Problem statement
From the records below, extract only the lines running from the line with "then obtain a b" to the line with "and \<open>z - a\<close>\<close>", both lines included, reproducing them exactly.

(Given data Opens)

lemma divided_diff_insert_factor:
  assumes "finite K" "a \<notin> K"
  shows "divided_diff (insert a K) (\<lambda>z. (real z - real a) * p z) = divided_diff K p"
proof -
  have "(real z - real a) * p z / (\<Prod>w\<in>insert a K - {z}. (real z - real w))
      = p z / (\<Prod>w\<in>K - {z}. (real z - real w))" if "z \<in> K" for z
  proof -
    have "insert a K - {z} = insert a (K - {z})" "z \<noteq> a" using that assms by auto
    then show ?thesis using assms by simp
  qed
  then show ?thesis
    unfolding divided_diff_def using assms by (simp add: sum.insert)
qed

lemma divided_diff_const:
  assumes "finite K" "2 \<le> card K"
  shows "divided_diff K (\<lambda>z. c) = 0"
proof -
  have "divided_diff K (\<lambda>z. 1) = 0"
    using assms
  proof (induction "card K" arbitrary: K rule: less_induct)
    case less
    obtain T where "T \<subseteq> K" "card T = 2" using less.prems obtain_subset_with_card_n by metis
    then obtain a b where ab: "a \<in> K" "b \<in> K" "a \<noteq> b" by (auto simp: card_2_iff)
    have Ka: "K = insert a (K - {a})" and Kb: "K = insert b (K - {b})" using ab by auto
    \<comment> \<open>the constant \<open>1\<close> is a combination of the two linear factors \<open>z - b\<close> and \<open>z - a\<close>\<close>
    have "(\<lambda>z::nat. 1::real) = (\<lambda>z. (1 / (real a - real b)) * ((real z - real b) * 1)
        + (-1 / (real a - real b)) * ((real z - real a) * 1))" (is "_ = ?comb")
      using ab by (auto simp: divide_simps)
    moreover have "divided_diff K ?comb
        = (divided_diff (K - {b}) (\<lambda>z. 1) - divided_diff (K - {a}) (\<lambda>z. 1)) / (real a - real b)"
      unfolding divided_diff_linear
      using divided_diff_insert_factor[of "K - {b}" b "\<lambda>z. 1"]
        divided_diff_insert_factor[of "K - {a}" a "\<lambda>z. 1"] Ka Kb less.prems
      by (simp add: diff_divide_distrib)
    ultimately have "divided_diff K (\<lambda>z. 1)
        = (divided_diff (K - {b}) (\<lambda>z. 1) - divided_diff (K - {a}) (\<lambda>z. 1)) / (real a - real b)"
      by simp
    moreover have "divided_diff (K - {b}) (\<lambda>z. 1) = divided_diff (K - {a}) (\<lambda>z. 1)"
    proof (cases "card K = 2")
      case True
      then have "K - {b} = {a}" "K - {a} = {b}" using ab less.prems by (auto simp: card_2_iff)
      then show ?thesis by (simp add: divided_diff_def)
    next
      case False
      then show ?thesis using less ab by (simp add: card_Diff_singleton)
    qed
    ultimately show ?case by simp
  qed
  then show ?thesis using divided_diff_linear[of K c "\<lambda>z. 1" 0 "\<lambda>z. 1"] by simp
qed

lemma degree_le_const: "degree_le m (\<lambda>z. c)"
  unfolding degree_le_def by (auto intro: divided_diff_const)

lemma degree_le_mono: "degree_le m p \<Longrightarrow> m \<le> m' \<Longrightarrow> degree_le m' p"
  unfolding degree_le_def by auto

lemma degree_le_linear:
  "degree_le m p \<Longrightarrow> degree_le m q \<Longrightarrow> degree_le m (\<lambda>z. a * p z + b * q z)"
  unfolding degree_le_def by (simp add: divided_diff_linear)

lemma degree_le_scale: "degree_le m p \<Longrightarrow> degree_le m (\<lambda>z. a * p z)"
  using degree_le_linear[of m p p a 0] by simp

lemma degree_le_sum:
  "finite A \<Longrightarrow> (\<And>r. r \<in> A \<Longrightarrow> degree_le m (p r)) \<Longrightarrow> degree_le m (\<lambda>z. \<Sum>r\<in>A. p r z)"
proof (induction A rule: finite_induct)
  case empty
  then show ?case using degree_le_const[of m 0] by simp
next
  case (insert x F)
  then show ?case using degree_le_linear[of m "p x" "\<lambda>z. \<Sum>r\<in>F. p r z" 1 1] by simp
qed

lemma degree_le_mult_linear:
  assumes "degree_le m p"
  shows "degree_le (Suc m) (\<lambda>z. (real z - c) * p z)"
  unfolding degree_le_def
proof (intro allI impI)
  fix K :: "nat set"
  assume K: "finite K" "Suc m + 2 \<le> card K"
  then obtain a where a: "a \<in> K" by fastforce
  have "divided_diff K (\<lambda>z. (real z - real a) * p z) = divided_diff (K - {a}) p"
    using divided_diff_insert_factor[of "K - {a}" a p] K a by (simp add: insert_absorb)
  also have "\<dots> = 0" using assms K a unfolding degree_le_def by (simp add: card_Diff_singleton)
  finally have "divided_diff K (\<lambda>z. (real z - real a) * p z) = 0" .
  moreover have "divided_diff K p = 0" using assms K unfolding degree_le_def by auto
  moreover have "(\<lambda>z. (real z - c) * p z) = (\<lambda>z. 1 * ((real z - real a) * p z) + (real a - c) * p z)"
    by (auto simp: field_simps)
  ultimately show "divided_diff K (\<lambda>z. (real z - c) * p z) = 0"
    by (simp only: divided_diff_linear)
qed

lemma degree_le_binomial: "degree_le v (\<lambda>k. real (k choose v))"
proof -
  have "degree_le v (\<lambda>k. \<Prod>i<v. (real k - real i))"
  proof (induction v)
    case 0
    then show ?case using degree_le_const[of 0 1] by simp
  next
    case (Suc v)
    then show ?case using degree_le_mult_linear[OF Suc, of "real v"] by (simp add: mult.commute)
  qed
  moreover have "(\<lambda>k. real (k choose v)) = (\<lambda>k. (1 / fact v) * (\<Prod>i<v. (real k - real i)))"
    by (auto simp: binomial_gbinomial gbinomial_prod_rev field_simps atLeast0LessThan)
  ultimately show ?thesis by (simp only: degree_le_scale)
qed

lemma degree_le_scaled_binomial:
  assumes "v \<le> d"
  shows "degree_le d (\<lambda>k. c * (real (k choose v) / r))"
proof -
  have "degree_le v (\<lambda>k. c / r * real (k choose v))"
    by (rule degree_le_scale[OF degree_le_binomial])
  then show ?thesis using assms by (simp add: degree_le_mono)
qed

section \<open>A discrete Markov inequality\<close>

lemma prod_node_diff:
  assumes "j \<le> d"
  shows "(\<Prod>i\<in>{..d} - {j}. (real j - real i)) = (-1) ^ (d - j) * fact j * fact (d - j)"
  using assms
proof (induction d rule: nat_induct_at_least)
  case base
  have "(\<Prod>i\<in>{..j} - {j}. (real j - real i)) = (\<Prod>i\<in>{0..<j}. real (j - i))"
    by (intro prod.cong) (auto simp: of_nat_diff)
  also have "\<dots> = fact j" by (simp add: fact_prod_rev)
  finally show ?case by simp
next
  case (Suc d)
  have "{..Suc d} - {j} = insert (Suc d) ({..d} - {j})" using Suc by auto
  then have "(\<Prod>i\<in>{..Suc d} - {j}. (real j - real i))
      = - real (Suc (d - j)) * ((-1) ^ (d - j) * fact j * fact (d - j))"
    using Suc by (simp add: of_nat_diff)
  also have "\<dots> = (-1) ^ (Suc d - j) * fact j * fact (Suc d - j)"
    using Suc by (simp add: Suc_diff_le algebra_simps)
  finally show ?case .
qed

lemma prod_atMost_add_mult_fact:
  assumes "1 \<le> j"
  shows "(\<Prod>i\<le>d. (real j + real i)) * fact (j - 1) = fact (j + d)"
proof (induction d)
  case 0
  then show ?case using assms by (simp add: fact_num_eq_if)
next
  case (Suc d)
  then show ?case by (simp add: atMost_Suc algebra_simps)
qed

lemma prod_node_sum:
  assumes "1 \<le> j" "j \<le> d"
  shows "2 * fact j * (\<Prod>i\<in>{..d} - {j}. (real j + real i)) = fact (d + j)"
proof -
  have "(\<Prod>i\<le>d. (real j + real i)) = (real j + real j) * (\<Prod>i\<in>{..d} - {j}. (real j + real i))"
    using assms by (subst prod.remove[of _ j]) auto
  moreover have "fact j = real j * fact (j - 1)" using assms by (simp add: fact_num_eq_if)
  ultimately show ?thesis
    using prod_atMost_add_mult_fact[OF assms(1), of d] by (simp add: algebra_simps)
qed

lemma prod_node_square_diff:
  assumes "1 \<le> j" "j \<le> d"
  shows "(\<Prod>i\<in>{..d} - {j}. (real j - real i) * (real j + real i))
    = (-1) ^ (d - j) * fact (d - j) * fact (d + j) / 2"
proof -
  have "(\<Prod>i\<in>{..d} - {j}. (real j - real i) * (real j + real i))
     = (\<Prod>i\<in>{..d} - {j}. (real j - real i)) * (\<Prod>i\<in>{..d} - {j}. (real j + real i))"
    by (rule prod.distrib)
  moreover have "fact j > (0::real)" by simp
  ultimately show ?thesis
    using prod_node_diff[OF assms(2)] prod_node_sum[OF assms] by (simp add: field_simps)
qed
lemma binary_form_ge_one_side:
  fixes Q1 Q2 B p q d :: real
  assumes "Q1 \<le> 0" "Q2 \<le> 0" "B < 0" "p * q \<le> 0" "0 < d" "Q1 < 0 \<or> d \<le> \<bar>p\<bar>"
  defines "k \<equiv> if Q1 < 0 then - Q1 else - B * d"
  shows "k * \<bar>q\<bar> - k / 4 \<le> - Q2 * p\<^sup>2 + B * p * q - Q1 * q\<^sup>2"
proof -
  have "0 \<le> B * p * q" and "0 \<le> - Q2 * p\<^sup>2" and "0 \<le> - Q1 * q\<^sup>2"
    using assms(1-4) by (simp_all add: mult.assoc mult_nonpos_nonpos mult_nonpos_nonneg)
  moreover have "\<bar>q\<bar> - 1/4 \<le> q\<^sup>2"
    using le_square_plus_quarter[of "\<bar>q\<bar>"] by simp
  then have "Q1 < 0 \<Longrightarrow> - Q1 * (\<bar>q\<bar> - 1/4) \<le> - Q1 * q\<^sup>2"
    by (simp add: mult_left_mono)
  moreover have "- B * d * \<bar>q\<bar> \<le> B * p * q" if "d \<le> \<bar>p\<bar>"
  proof -
    have "- B * d * \<bar>q\<bar> \<le> - B * \<bar>p\<bar> * \<bar>q\<bar>"
      using that assms(3) by (intro mult_right_mono mult_left_mono) auto
    also have "\<dots> = B * p * q"
      using assms(4) by (simp add: abs_mult[symmetric] abs_of_nonpos mult.assoc)
    finally show ?thesis .
  qed
  moreover have "0 \<le> - B * d"
    using assms(3,5) by (simp add: mult_nonpos_nonneg)
  ultimately show ?thesis
    using assms(6) by (auto simp: k_def algebra_simps)
qed

lemma binary_form_linear_lower_bound:
  fixes Q1 Q2 B d1 d2 :: real
  assumes "Q1 \<le> 0" "Q2 \<le> 0" "B < 0" "0 < d1" "0 < d2"
  obtains k C where "0 < k"
    and "\<And>p q. p * q \<le> 0 \<Longrightarrow> Q1 < 0 \<or> d1 \<le> \<bar>p\<bar> \<Longrightarrow> Q2 < 0 \<or> d2 \<le> \<bar>q\<bar> \<Longrightarrow>
           k * (\<bar>p\<bar> + \<bar>q\<bar>) - C \<le> - Q2 * p\<^sup>2 + B * p * q - Q1 * q\<^sup>2"
proof -
  define k1 where "k1 = (if Q1 < 0 then - Q1 else - B * d1)"
  define k2 where "k2 = (if Q2 < 0 then - Q2 else - B * d2)"
  have k12: "0 < k1" "0 < k2"
    using assms by (auto simp: k1_def k2_def mult_neg_pos)
  have "min k1 k2 / 2 * (\<bar>p\<bar> + \<bar>q\<bar>) - (k1 + k2) / 8 \<le> - Q2 * p\<^sup>2 + B * p * q - Q1 * q\<^sup>2"
    if "p * q \<le> 0" "Q1 < 0 \<or> d1 \<le> \<bar>p\<bar>" "Q2 < 0 \<or> d2 \<le> \<bar>q\<bar>" for p q
  proof -
    define N where "N = - Q2 * p\<^sup>2 + B * p * q - Q1 * q\<^sup>2"
    have "k1 * \<bar>q\<bar> - k1 / 4 \<le> N"
      unfolding k1_def N_def using assms that by (intro binary_form_ge_one_side) auto
    moreover have "k2 * \<bar>p\<bar> - k2 / 4 \<le> N"
    proof -
      have "k2 * \<bar>p\<bar> - k2 / 4 \<le> - Q1 * q\<^sup>2 + B * q * p - Q2 * p\<^sup>2"
        unfolding k2_def using assms that by (intro binary_form_ge_one_side) (auto simp: mult.commute)
      then show ?thesis
        by (simp add: N_def algebra_simps)
    qed
    ultimately have "(k2 * \<bar>p\<bar> + k1 * \<bar>q\<bar>) / 2 \<le> N + (k1 + k2) / 8"
      by (simp add: field_simps)
    moreover have "min k1 k2 / 2 * (\<bar>p\<bar> + \<bar>q\<bar>) \<le> (k2 * \<bar>p\<bar> + k1 * \<bar>q\<bar>) / 2"
      by (simp add: distrib_left add_mono mult_right_mono)
    ultimately show ?thesis
      unfolding N_def[symmetric] by linarith
  qed
  with k12 show thesis
    by (intro that[of "min k1 k2 / 2" "(k1 + k2) / 8"]) auto
qed

text \<open>$-\mathrm{pair\_disc}$ is the Gram determinant of $c_1, c_2$ for $B$; for nonzero
  discriminant, \<open>pair_proj\<close> is the $B$-orthogonal projection onto $\operatorname{span}\{c_1, c_2\}$
  (and $0$ otherwise, by division by zero).\<close>

definition pair_disc :: "int^'n^'n \<Rightarrow> real^'n \<Rightarrow> real^'n \<Rightarrow> real" where
  "pair_disc A c1 c2 = (Bf A c1 c2)\<^sup>2 - 4 * Qf A c1 * Qf A c2"

definition pair_proj :: "int^'n^'n \<Rightarrow> real^'n \<Rightarrow> real^'n \<Rightarrow> real^'n \<Rightarrow> real^'n" where
  "pair_proj A c1 c2 v =
     ((Bf A c1 c2 * Bf A c2 v - 2 * Qf A c2 * Bf A c1 v) / pair_disc A c1 c2) *\<^sub>R c1
   + ((Bf A c1 c2 * Bf A c1 v - 2 * Qf A c1 * Bf A c2 v) / pair_disc A c1 c2) *\<^sub>R c2"

lemma Bf_pair_proj_left:
  "Bf A (pair_proj A c1 c2 v) x =
     (Bf A c1 c2 * Bf A c2 v - 2 * Qf A c2 * Bf A c1 v) / pair_disc A c1 c2 * Bf A c1 x
   + (Bf A c1 c2 * Bf A c1 v - 2 * Qf A c1 * Bf A c2 v) / pair_disc A c1 c2 * Bf A c2 x"
  by (simp add: pair_proj_def Bf_add_left Bf_scaleR_left)

lemma Bf_pair_proj:
  assumes sym: "transpose A = A" and G: "pair_disc A c1 c2 \<noteq> 0"
  shows "Bf A c1 (pair_proj A c1 c2 v) = Bf A c1 v" and "Bf A c2 (pair_proj A c1 c2 v) = Bf A c2 v"
proof -
  have B21: "Bf A c2 c1 = Bf A c1 c2"
    using Bf_commute[OF sym] by simp
  have "Bf A (pair_proj A c1 c2 v) c1 * pair_disc A c1 c2 = Bf A c1 v * pair_disc A c1 c2"
    "Bf A (pair_proj A c1 c2 v) c2 * pair_disc A c1 c2 = Bf A c2 v * pair_disc A c1 c2"
    unfolding Bf_pair_proj_left using G
    by (simp_all add: Bf_self B21 field_simps, simp_all add: pair_disc_def algebra_simps power2_eq_square)
  then show "Bf A c1 (pair_proj A c1 c2 v) = Bf A c1 v" and "Bf A c2 (pair_proj A c1 c2 v) = Bf A c2 v"
    using G Bf_commute[OF sym] by simp_all
qed

lemma Qf_pair_proj_split:
  assumes sym: "transpose A = A" and G: "pair_disc A c1 c2 \<noteq> 0"
  shows "Qf A v = Qf A (pair_proj A c1 c2 v) + Qf A (v - pair_proj A c1 c2 v)"
proof -
  have "Bf A (pair_proj A c1 c2 v) (v - pair_proj A c1 c2 v) = 0"
    unfolding Bf_pair_proj_left using Bf_pair_proj[OF sym G] by (simp add: Bf_diff_right)
  then show ?thesis
    using Qf_add[OF sym, of "pair_proj A c1 c2 v" "v - pair_proj A c1 c2 v"] by simp
qed

lemma Qf_pair_proj:
  assumes sym: "transpose A = A" and G: "pair_disc A c1 c2 \<noteq> 0"
  shows "pair_disc A c1 c2 * Qf A (pair_proj A c1 c2 v) =
    - Qf A c2 * (Bf A c1 v)\<^sup>2 + Bf A c1 c2 * Bf A c1 v * Bf A c2 v - Qf A c1 * (Bf A c2 v)\<^sup>2"
proof -
  have "2 * Qf A (pair_proj A c1 c2 v) = Bf A (pair_proj A c1 c2 v) (pair_proj A c1 c2 v)"
    by (simp add: Bf_self)
  also have "\<dots> = ((Bf A c1 c2 * Bf A c2 v - 2 * Qf A c2 * Bf A c1 v) * Bf A c1 v
      + (Bf A c1 c2 * Bf A c1 v - 2 * Qf A c1 * Bf A c2 v) * Bf A c2 v) / pair_disc A c1 c2"
    unfolding Bf_pair_proj_left Bf_pair_proj[OF sym G] by (simp add: add_divide_distrib)
  finally show ?thesis
    using G by (simp add: field_simps power2_eq_square)
qed
section \<open>Upper triangular matrices\<close>

definition upper_triangular :: "nat \<Rightarrow> cmat \<Rightarrow> bool" where
  "upper_triangular N A \<longleftrightarrow> A \<in> gl N \<and> (\<forall>i j. j < i \<longrightarrow> A i j = 0)"

lemma borel_iff: "A \<in> borel N \<longleftrightarrow> upper_triangular N A \<and> mtrace N A = 0"
  by (auto simp: borel_def sl_def upper_triangular_def)

lemma upper_triangular_outside:
  "upper_triangular N A \<Longrightarrow> i \<notin> {1..N} \<or> j \<notin> {1..N} \<Longrightarrow> A i j = 0"
  by (auto simp: upper_triangular_def gl_iff)

lemma upper_triangular_gl: "upper_triangular N A \<Longrightarrow> A \<in> gl N"
  by (simp add: upper_triangular_def)

lemma upper_triangular_below: "upper_triangular N A \<Longrightarrow> j < i \<Longrightarrow> A i j = 0"
  by (auto simp: upper_triangular_def)

lemma upper_triangular_add: "upper_triangular N A \<Longrightarrow> upper_triangular N B \<Longrightarrow> upper_triangular N (A + B)"
  by (simp add: upper_triangular_def gl_iff)

lemma upper_triangular_diff: "upper_triangular N A \<Longrightarrow> upper_triangular N B \<Longrightarrow> upper_triangular N (A - B)"
  by (simp add: upper_triangular_def gl_iff)

lemma upper_triangular_smult: "upper_triangular N A \<Longrightarrow> upper_triangular N (msmult c A)"
  by (simp add: upper_triangular_def gl_iff)
(* Every most compact MP-tree on $S$ can be obtained from some cubic tree $T_0$ on $S$ with $\mathrm{MP}(T_0)=\min\{\mathrm{MP}(T'): T'\text{ a cubic tree on } S\}$ by a finite sequence of edge contractions $T_0\to T_1\to\cdots\to T_k$, where each step contracts an edge $\{u,v\}$ of the current tree $T_{j}$ having at most one labelled endpoint and min-cost $\mathrm{md}(u,v)=0$ in $T_j$. Conversely, every tree obtained from such a $T_0$ by such a sequence of contractions is an MP-tree on $S$.
   Context: Fix integers $n\ge 2$ and $m\ge 1$, and finite nonempty sets $\Sigma_1,\dots,\Sigma_m$ (the states of characters $1,\dots,m$). A set of species $S=\{S_1,\dots,S_n\}$ is given, each species $S_j$ being an $m$-tuple $(s_{j,1},\dots,s_{j,m})\in\Sigma_1\times\cdots\times\Sigma_m$. A tree on $S$ is a finite unrooted tree (connected acyclic undirected graph) $T$ together with an injective map assigning each species $S_j$ to a node of $T$. Nodes receiving a species are called labelled, the others unlabelled. A cubic tree on $S$ is a tree on $S$ whose labelled nodes are exactly its leaves and in which every non-leaf node has degree exactly $3$. A fit of $T$ is a map $f$ assigning to every node $v$ a tuple $f(v)=(f(v)_1,\dots,f(v)_m)\in\Sigma_1\times\cdots\times\Sigma_m$ such that $f(v)=S_j$ whenever $v$ is labelled with $S_j$. The cost of $f$ is $\sum_{\{u,v\}\in E(T)} h(f(u),f(v))$, where $h$ is the Hamming distance. The MP-cost $\mathrm{MP}(T)$ is the minimum cost over all fits of $T$. A best fit is a fit of cost $\mathrm{MP}(T)$. An MP-tree on $S$ is a tree on $S$ whose MP-cost equals the minimum of $\mathrm{MP}(T)$ over all trees $T$ on $S$. A most compact MP-tree on $S$ is an MP-tree on $S$ having the minimum number of nodes among all MP-trees on $S$. Root sets: for a node $v$ of a tree $T$ and character $i$, $VV(v)_i=\{f(v)_i : f \text{ a best fit of } T\}\subseteq\Sigma_i$. For adjacent nodes $u,v$, the min-cost is $\mathrm{md}(u,v)=|\{i: VV(u)_i\cap VV(v)_i=\emptyset\}|$. Edge contraction: for an edge $\{u,v\}$ of $T$ with at most one of $u,v$ labelled, $T/\{u,v\}$ is obtained by replacing $u$ and $v$ by a single new node $w$ adjacent to every node that was adjacent to $u$ or to $v$ (other than $u,v$ themselves); $w$ carries the species of $u$ or $v$ if one of them is labelled, and is unlabelled otherwise. All other nodes, edges and labels are unchanged. *)

theory Defs
  imports Main
begin

text \<open>Characters are indexed by i < m, species by j < n.
  States of all characters live in one type 'a; character i has state set Sig i.
  A tuple is a function nat => 'a, only its values at i < m matter.
  Species j is the tuple S j.
  A tree on S is a triple (V, E, lab): node set V, edge set E (2-element sets),
  lab j = node carrying species j (j < n).\<close>

type_synonym 'a tuple = "nat \<Rightarrow> 'a"
type_synonym ptree = "nat set \<times> nat set set \<times> (nat \<Rightarrow> nat)"

definition nodes :: "ptree \<Rightarrow> nat set" where "nodes T = fst T"
definition edges :: "ptree \<Rightarrow> nat set set" where "edges T = fst (snd T)"
definition lab :: "ptree \<Rightarrow> nat \<Rightarrow> nat" where "lab T = snd (snd T)"

definition labelled :: "nat \<Rightarrow> ptree \<Rightarrow> nat set" where
  "labelled n T = lab T ` {..<n}"

definition adjacent :: "ptree \<Rightarrow> nat \<Rightarrow> nat \<Rightarrow> bool" where
  "adjacent T x y \<longleftrightarrow> {x, y} \<in> edges T"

(Given data Closes)

Written answer
    then obtain a b where ab: "a \<in> K" "b \<in> K" "a \<noteq> b" by (auto simp: card_2_iff)
    have Ka: "K = insert a (K - {a})" and Kb: "K = insert b (K - {b})" using ab by auto
    \<comment> \<open>the constant \<open>1\<close> is a combination of the two linear factors \<open>z - b\<close> and \<open>z - a\<close>\<close>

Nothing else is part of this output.